[Collected data]
_ _ _ _ _
(* Suppose $\mathbf{v}_1(0),\dots,\mathbf{v}_m(0)$ are generated i.i.d. from $N(0,\alpha^2\mathbf{I})$, and that for each $k$, $\|\mathbf{v}_k(t)-\mathbf{v}_k(0)\|_2\le\tilde R_v:=\frac{\sqrt{2\pi}\,\alpha\mu_0}{8n(m/\delta)^{1/d}}$. Then with probability at least $1-\delta$, $\|\mathbf{G}(t)-\mathbf{G}(0)\|_2\le\frac{\mu_0}{4}$.
   Context: Data $\mathbf{x}_1,\dots,\mathbf{x}_n\in\mathbb{R}^d$ with $\|\mathbf{x}_i\|_2\le1$ and $\mathbf{x}_i\ne\beta\mathbf{x}_j$ for $i\ne j$, $\beta\ne0$. The vectors $\mathbf{v}_k(t)$ are the first-layer parameters at time/iteration $t$ of weight-normalized training (gradient flow or gradient descent) of $f(\mathbf{x})=\frac{1}{\sqrt m}\sum_kc_k\sigma(g_k\mathbf{v}_k^\top\mathbf{x}/\|\mathbf{v}_k\|_2)$ on the square loss, started from $\mathbf{v}_k(0)\sim N(0,\alpha^2\mathbf{I})$, $c_k$ uniform on $\{-1,1\}$, $g_k(0)=\|\mathbf{v}_k(0)\|_2/\alpha$; $\sigma(s)=\max\{s,0\}$. $\mathbf{G}_{ij}(t)=\frac1m\sum_k\sigma(\mathbf{v}_k(t)^\top\mathbf{x}_i)\sigma(\mathbf{v}_k(t)^\top\mathbf{x}_j)/\|\mathbf{v}_k(t)\|_2^2$. $\mu_0=\lambda_{\min}(\mathbf{G}^\infty)$ with $\mathbf{G}^\infty_{ij}=\mathbb{E}_{\mathbf{v}\sim N(0,\alpha^2\mathbf{I})}\langle\mathbf{x}_i^{\mathbf{v}},\mathbf{x}_j^{\mathbf{v}}\rangle\mathbb{1}\{\mathbf{v}^\top\mathbf{x}_i\ge0\}\mathbb{1}\{\mathbf{v}^\top\mathbf{x}_j\ge0\}$, $\mathbf{x}^{\mathbf{v}}=\mathbf{v}\mathbf{v}^\top\mathbf{x}/\|\mathbf{v}\|_2^2$. *)

theory Defs
  imports "HOL-Probability.Probability"
begin

definition relu :: "real \<Rightarrow> real" where
  "relu s = max s 0"

definition gauss_iso :: "real \<Rightarrow> ('a::euclidean_space) measure" where
  "gauss_iso \<alpha> = density lborel (\<lambda>v. ennreal (\<Prod>b\<in>Basis. normal_density 0 \<alpha> (v \<bullet> b)))"

definition gram_G :: "nat \<Rightarrow> ('n::finite \<Rightarrow> real^'d) \<Rightarrow> (nat \<Rightarrow> real^'d) \<Rightarrow> real^'n^'n" where
  "gram_G m x V = (\<chi> i j. (1 / real m) *
      (\<Sum>k<m. relu (V k \<bullet> x i) * relu (V k \<bullet> x j) / (norm (V k))\<^sup>2))"

definition proj_dir :: "real^'d \<Rightarrow> real^'d \<Rightarrow> real^'d" where
  "proj_dir v y = ((v \<bullet> y) / (norm v)\<^sup>2) *\<^sub>R v"

definition gram_inf :: "real \<Rightarrow> ('n::finite \<Rightarrow> real^'d) \<Rightarrow> real^'n^'n" where
  "gram_inf \<alpha> x = (\<chi> i j. integral\<^sup>L (gauss_iso \<alpha>)
      (\<lambda>v. (proj_dir v (x i) \<bullet> proj_dir v (x j)) *
           (if v \<bullet> x i \<ge> 0 then 1 else 0) * (if v \<bullet> x j \<ge> 0 then 1 else 0)))"

definition lambda_min :: "real^'n^'n \<Rightarrow> real" where
  "lambda_min A = Min {c. \<exists>u. u \<noteq> 0 \<and> A *v u = c *\<^sub>R u}"

definition spec_norm :: "real^'n^'m \<Rightarrow> real" where
  "spec_norm A = onorm (\<lambda>u. A *v u)"

end

(*
  With probability at least 1 - \<delta> every initial weight has norm at least
  \<rho> = sqrt (2 pi) \<alpha> / (2 (m/\<delta>)^(1/d)): the Gaussian density is at most
  (sqrt (2 pi) \<alpha>)^-d, so the ball of radius \<rho> has mass at most
  (2 \<rho> / (sqrt (2 pi) \<alpha>))^d = \<delta>/m, and a union bound over the m neurons applies.

  On this event the estimate is deterministic. G(V) is the average of the rank-one
  matrices r r^T with r = (relu (u \<bullet> x_i))_i, u = v/|v|. For unit vectors u, u' with
  \<kappa> = u \<bullet> u' \<ge> 0, the Gram-determinant inequality for (u, u', x_i) survives the ReLU
  coordinatewise and yields |r - r'| |r + r'| \<le> n sqrt (1 - \<kappa>^2); moreover
  sqrt (1 - \<kappa>^2) \<le> |v' - v| / |v|. As |r r^T - r' r'^T| \<le> |r - r'| |r + r'|, each neuron
  moves G by at most n R_v / \<rho> = \<mu>0 / 4 (when |v' - v| \<ge> |v| the crude bound n suffices).
*)

theory Submission
  imports Defs
begin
_ _ _ _ _
Exercise goal: In the data above, find the line containing "sqrt (1 - \<kappa>^2) \<le>", then copy it and every later line exactly.

Response area:
  sqrt (1 - \<kappa>^2) \<le> |v' - v| / |v|. As |r r^T - r' r'^T| \<le> |r - r'| |r + r'|, each neuron
  moves G by at most n R_v / \<rho> = \<mu>0 / 4 (when |v' - v| \<ge> |v| the crude bound n suffices).
*)

theory Submission
  imports Defs
begin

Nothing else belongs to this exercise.